(* Fix a sequence of matchings $\mathcal{M}=\langle \mathbf{M}^{(1)}, \mathbf{M}^{(2)}, \ldots \rangle$ of a graph $G$ with $n$ nodes and consider the discrete protocol with these matchings. For any non-negative integers $K,\alpha,t$ with $1 \leq \alpha \leq K$, \[ \max_{ y \in \mathbb{Z}^n ,\ \operatorname{disc}(y) \leq K} \Pr\left[ x_{\max}^{(t)} \geq \lfloor \overline{x} \rfloor + \alpha \,\Big|\, x^{(0)} = y \right] \leq \max_{ y \in \mathbb{Z}^n,\ \operatorname{disc}(y) \leq K} \Pr\left[x_{\min}^{(t)} \leq \lfloor \overline{x} \rfloor - \alpha + 3 \,\Big|\, x^{(0)} = y \right], \] and similarly \[ \max_{ y \in \mathbb{Z}^n,\ \operatorname{disc}(y) \leq K} \Pr\left[ x_{\min}^{(t)} \leq \lfloor \overline{x} \rfloor - \alpha \,\Big|\, x^{(0)} = y \right] \leq \max_{ y \in \mathbb{Z}^n,\ \operatorname{disc}(y) \leq K} \Pr\left[x_{\max}^{(t)} \geq \lfloor \overline{x} \rfloor + \alpha - 3 \,\Big|\, x^{(0)} = y \right]. \]
   Context: Discrete protocol with random orientation: $x^{(t)}\in\mathbb{Z}^n$ is the load vector at the end of round $t$; in round $t$, for each $\{u,v\}\in\mathbf{M}^{(t)}$ both $u,v$ get $\lfloor (x^{(t-1)}_u+x^{(t-1)}_v)/2\rfloor$ tokens and the excess token (if the sum is odd) goes to $u$ or $v$ with probability $1/2$ each, independently over edges and rounds; unmatched nodes keep their load. $\overline{x}=\frac1n\sum_w x^{(0)}_w$ is the average load (of the initial vector $y$), $x^{(t)}_{\max}=\max_u x^{(t)}_u$, $x^{(t)}_{\min}=\min_u x^{(t)}_u$, and $\operatorname{disc}(y)=\max_{u,v}|y_u-y_v|$. The probability is over the random orientations. *)

theory Defs
  imports "HOL-Probability.Probability"
begin

text \<open>Nodes are 0..<n. Loads are functions nat => int (only values at nodes < n matter).
A matching is a set of edges, each edge being a 2-element set of nodes.\<close>

definition is_graph :: "nat \<Rightarrow> nat set set \<Rightarrow> bool" where
  "is_graph n E \<longleftrightarrow> (\<forall>e\<in>E. card e = 2 \<and> e \<subseteq> {..<n})"

definition is_matching :: "nat set set \<Rightarrow> nat set set \<Rightarrow> bool" where
  "is_matching E M \<longleftrightarrow> M \<subseteq> E \<and> (\<forall>e\<in>M. \<forall>e'\<in>M. e \<noteq> e' \<longrightarrow> e \<inter> e' = {})"

text \<open>One round of the discrete protocol, given the orientation r: for each matched edge e,
r e is the endpoint of e that receives the excess token (if any).\<close>
definition step :: "nat set set \<Rightarrow> (nat \<Rightarrow> int) \<Rightarrow> (nat set \<Rightarrow> nat) \<Rightarrow> (nat \<Rightarrow> int)" where
  "step M x r = (\<lambda>w. if \<exists>e\<in>M. w \<in> e then
      (let e = (THE e. e \<in> M \<and> w \<in> e); s = (\<Sum>u\<in>e. x u)
       in s div 2 + (if odd s \<and> r e = w then 1 else 0))
    else x w)"

definition orientation :: "nat set set \<Rightarrow> (nat set \<Rightarrow> nat) pmf" where
  "orientation M = Pi_pmf M undefined (\<lambda>e. pmf_of_set e)"

text \<open>Distribution of the load vector x^(t) at the end of round t, given x^(0) = y;
round t uses matching Ms t (t = 1, 2, ...).\<close>
primrec protocol :: "(nat \<Rightarrow> nat set set) \<Rightarrow> (nat \<Rightarrow> int) \<Rightarrow> nat \<Rightarrow> (nat \<Rightarrow> int) pmf" where
  "protocol Ms y 0 = return_pmf y"
| "protocol Ms y (Suc t) =
     bind_pmf (protocol Ms y t) (\<lambda>x. map_pmf (step (Ms (Suc t)) x) (orientation (Ms (Suc t))))"

definition xmax :: "nat \<Rightarrow> (nat \<Rightarrow> int) \<Rightarrow> int" where
  "xmax n x = Max (x ` {..<n})"

definition xmin :: "nat \<Rightarrow> (nat \<Rightarrow> int) \<Rightarrow> int" where
  "xmin n x = Min (x ` {..<n})"

definition avg :: "nat \<Rightarrow> (nat \<Rightarrow> int) \<Rightarrow> real" where
  "avg n y = (\<Sum>w<n. real_of_int (y w)) / real n"

definition disc :: "nat \<Rightarrow> (nat \<Rightarrow> int) \<Rightarrow> int" where
  "disc n y = Max {\<bar>y u - y v\<bar> | u v. u < n \<and> v < n}"

end

theory Submission
  imports Defs
begin

text \<open>Negating all loads and, on every matched edge, handing the excess token to the other
endpoint turns a run of the protocol from \<open>y\<close> into a run from \<open>-y\<close>. Since the flipped
orientation is again uniformly distributed, the load vector after \<open>t\<close> rounds from \<open>-y\<close> is
distributed as the negated load vector from \<open>y\<close>. Negation swaps maximum and minimum,
preserves the discrepancy and turns \<open>\<lfloor>avg\<rfloor>\<close> into \<open>-\<lceil>avg\<rceil> \<ge> -\<lfloor>avg\<rfloor> - 1\<close>, so each
maximum event at \<open>y\<close> is contained in the corresponding minimum event at \<open>-y\<close>, and vice
versa, up to a slack of one.\<close>

definition other_end :: "'a set \<Rightarrow> 'a \<Rightarrow> 'a" where
  "other_end e v = the_elem (e - {v})"

lemma
  assumes "card e = 2" "v \<in> e"
  shows other_end_in: "other_end e v \<in> e"
    and other_end_neq: "other_end e v \<noteq> v"
    and other_end_other_end: "other_end e (other_end e v) = v"
    and card_2_mem_cases: "w \<in> e \<Longrightarrow> w = v \<or> w = other_end e v"
proof -
  obtain a b where e: "e = {a, b}" "a \<noteq> b"
    using assms(1) by (meson card_2_iff)
  have ends: "other_end e a = b" "other_end e b = a"
    using e by (auto simp: other_end_def insert_Diff_if)
  have "v = a \<or> v = b"
    using assms(2) e(1) by blast
  then show "other_end e v \<in> e" "other_end e v \<noteq> v" "other_end e (other_end e v) = v"
    "w \<in> e \<Longrightarrow> w = v \<or> w = other_end e v"
    using e ends by auto
qed

definition flip_orientation :: "nat set set \<Rightarrow> (nat set \<Rightarrow> nat) \<Rightarrow> nat set \<Rightarrow> nat" where
  "flip_orientation M r =
     (\<lambda>e. if e \<in> M \<and> r e \<in> e then other_end e (r e) else r e)"

lemma flip_orientation_in_iff:
  assumes "\<And>e. e \<in> M \<Longrightarrow> card e = 2" "e \<in> M"
  shows "flip_orientation M r e \<in> e \<longleftrightarrow> r e \<in> e"
  using assms other_end_in[of e "r e"] by (auto simp: flip_orientation_def)

lemma flip_orientation_flip_orientation:
  assumes "\<And>e. e \<in> M \<Longrightarrow> card e = 2"
  shows "flip_orientation M (flip_orientation M r) = r"
  using assms other_end_in other_end_other_end
  by (fastforce simp: flip_orientation_def)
——————
Nothing in the records should differ from the original when you retype them.

*Answer to the problem*:
(* Fix a sequence of matchings $\mathcal{M}=\langle \mathbf{M}^{(1)}, \mathbf{M}^{(2)}, \ldots \rangle$ of a graph $G$ with $n$ nodes and consider the discrete protocol with these matchings. For any non-negative integers $K,\alpha,t$ with $1 \leq \alpha \leq K$, \[ \max_{ y \in \mathbb{Z}^n ,\ \operatorname{disc}(y) \leq K} \Pr\left[ x_{\max}^{(t)} \geq \lfloor \overline{x} \rfloor + \alpha \,\Big|\, x^{(0)} = y \right] \leq \max_{ y \in \mathbb{Z}^n,\ \operatorname{disc}(y) \leq K} \Pr\left[x_{\min}^{(t)} \leq \lfloor \overline{x} \rfloor - \alpha + 3 \,\Big|\, x^{(0)} = y \right], \] and similarly \[ \max_{ y \in \mathbb{Z}^n,\ \operatorname{disc}(y) \leq K} \Pr\left[ x_{\min}^{(t)} \leq \lfloor \overline{x} \rfloor - \alpha \,\Big|\, x^{(0)} = y \right] \leq \max_{ y \in \mathbb{Z}^n,\ \operatorname{disc}(y) \leq K} \Pr\left[x_{\max}^{(t)} \geq \lfloor \overline{x} \rfloor + \alpha - 3 \,\Big|\, x^{(0)} = y \right]. \]
   Context: Discrete protocol with random orientation: $x^{(t)}\in\mathbb{Z}^n$ is the load vector at the end of round $t$; in round $t$, for each $\{u,v\}\in\mathbf{M}^{(t)}$ both $u,v$ get $\lfloor (x^{(t-1)}_u+x^{(t-1)}_v)/2\rfloor$ tokens and the excess token (if the sum is odd) goes to $u$ or $v$ with probability $1/2$ each, independently over edges and rounds; unmatched nodes keep their load. $\overline{x}=\frac1n\sum_w x^{(0)}_w$ is the average load (of the initial vector $y$), $x^{(t)}_{\max}=\max_u x^{(t)}_u$, $x^{(t)}_{\min}=\min_u x^{(t)}_u$, and $\operatorname{disc}(y)=\max_{u,v}|y_u-y_v|$. The probability is over the random orientations. *)

theory Defs
  imports "HOL-Probability.Probability"
begin

text \<open>Nodes are 0..<n. Loads are functions nat => int (only values at nodes < n matter).
A matching is a set of edges, each edge being a 2-element set of nodes.\<close>

definition is_graph :: "nat \<Rightarrow> nat set set \<Rightarrow> bool" where
  "is_graph n E \<longleftrightarrow> (\<forall>e\<in>E. card e = 2 \<and> e \<subseteq> {..<n})"

definition is_matching :: "nat set set \<Rightarrow> nat set set \<Rightarrow> bool" where
  "is_matching E M \<longleftrightarrow> M \<subseteq> E \<and> (\<forall>e\<in>M. \<forall>e'\<in>M. e \<noteq> e' \<longrightarrow> e \<inter> e' = {})"

text \<open>One round of the discrete protocol, given the orientation r: for each matched edge e,
r e is the endpoint of e that receives the excess token (if any).\<close>
definition step :: "nat set set \<Rightarrow> (nat \<Rightarrow> int) \<Rightarrow> (nat set \<Rightarrow> nat) \<Rightarrow> (nat \<Rightarrow> int)" where
  "step M x r = (\<lambda>w. if \<exists>e\<in>M. w \<in> e then
      (let e = (THE e. e \<in> M \<and> w \<in> e); s = (\<Sum>u\<in>e. x u)
       in s div 2 + (if odd s \<and> r e = w then 1 else 0))
    else x w)"

definition orientation :: "nat set set \<Rightarrow> (nat set \<Rightarrow> nat) pmf" where
  "orientation M = Pi_pmf M undefined (\<lambda>e. pmf_of_set e)"

text \<open>Distribution of the load vector x^(t) at the end of round t, given x^(0) = y;
round t uses matching Ms t (t = 1, 2, ...).\<close>
primrec protocol :: "(nat \<Rightarrow> nat set set) \<Rightarrow> (nat \<Rightarrow> int) \<Rightarrow> nat \<Rightarrow> (nat \<Rightarrow> int) pmf" where
  "protocol Ms y 0 = return_pmf y"
| "protocol Ms y (Suc t) =
     bind_pmf (protocol Ms y t) (\<lambda>x. map_pmf (step (Ms (Suc t)) x) (orientation (Ms (Suc t))))"

definition xmax :: "nat \<Rightarrow> (nat \<Rightarrow> int) \<Rightarrow> int" where
  "xmax n x = Max (x ` {..<n})"

definition xmin :: "nat \<Rightarrow> (nat \<Rightarrow> int) \<Rightarrow> int" where
  "xmin n x = Min (x ` {..<n})"

definition avg :: "nat \<Rightarrow> (nat \<Rightarrow> int) \<Rightarrow> real" where
  "avg n y = (\<Sum>w<n. real_of_int (y w)) / real n"

definition disc :: "nat \<Rightarrow> (nat \<Rightarrow> int) \<Rightarrow> int" where
  "disc n y = Max {\<bar>y u - y v\<bar> | u v. u < n \<and> v < n}"

end

theory Submission
  imports Defs
begin

text \<open>Negating all loads and, on every matched edge, handing the excess token to the other
endpoint turns a run of the protocol from \<open>y\<close> into a run from \<open>-y\<close>. Since the flipped
orientation is again uniformly distributed, the load vector after \<open>t\<close> rounds from \<open>-y\<close> is
distributed as the negated load vector from \<open>y\<close>. Negation swaps maximum and minimum,
preserves the discrepancy and turns \<open>\<lfloor>avg\<rfloor>\<close> into \<open>-\<lceil>avg\<rceil> \<ge> -\<lfloor>avg\<rfloor> - 1\<close>, so each
maximum event at \<open>y\<close> is contained in the corresponding minimum event at \<open>-y\<close>, and vice
versa, up to a slack of one.\<close>

definition other_end :: "'a set \<Rightarrow> 'a \<Rightarrow> 'a" where
  "other_end e v = the_elem (e - {v})"

lemma
  assumes "card e = 2" "v \<in> e"
  shows other_end_in: "other_end e v \<in> e"
    and other_end_neq: "other_end e v \<noteq> v"
    and other_end_other_end: "other_end e (other_end e v) = v"
    and card_2_mem_cases: "w \<in> e \<Longrightarrow> w = v \<or> w = other_end e v"
proof -
  obtain a b where e: "e = {a, b}" "a \<noteq> b"
    using assms(1) by (meson card_2_iff)
  have ends: "other_end e a = b" "other_end e b = a"
    using e by (auto simp: other_end_def insert_Diff_if)
  have "v = a \<or> v = b"
    using assms(2) e(1) by blast
  then show "other_end e v \<in> e" "other_end e v \<noteq> v" "other_end e (other_end e v) = v"
    "w \<in> e \<Longrightarrow> w = v \<or> w = other_end e v"
    using e ends by auto
qed

definition flip_orientation :: "nat set set \<Rightarrow> (nat set \<Rightarrow> nat) \<Rightarrow> nat set \<Rightarrow> nat" where
  "flip_orientation M r =
     (\<lambda>e. if e \<in> M \<and> r e \<in> e then other_end e (r e) else r e)"

lemma flip_orientation_in_iff:
  assumes "\<And>e. e \<in> M \<Longrightarrow> card e = 2" "e \<in> M"
  shows "flip_orientation M r e \<in> e \<longleftrightarrow> r e \<in> e"
  using assms other_end_in[of e "r e"] by (auto simp: flip_orientation_def)

lemma flip_orientation_flip_orientation:
  assumes "\<And>e. e \<in> M \<Longrightarrow> card e = 2"
  shows "flip_orientation M (flip_orientation M r) = r"
  using assms other_end_in other_end_other_end
  by (fastforce simp: flip_orientation_def)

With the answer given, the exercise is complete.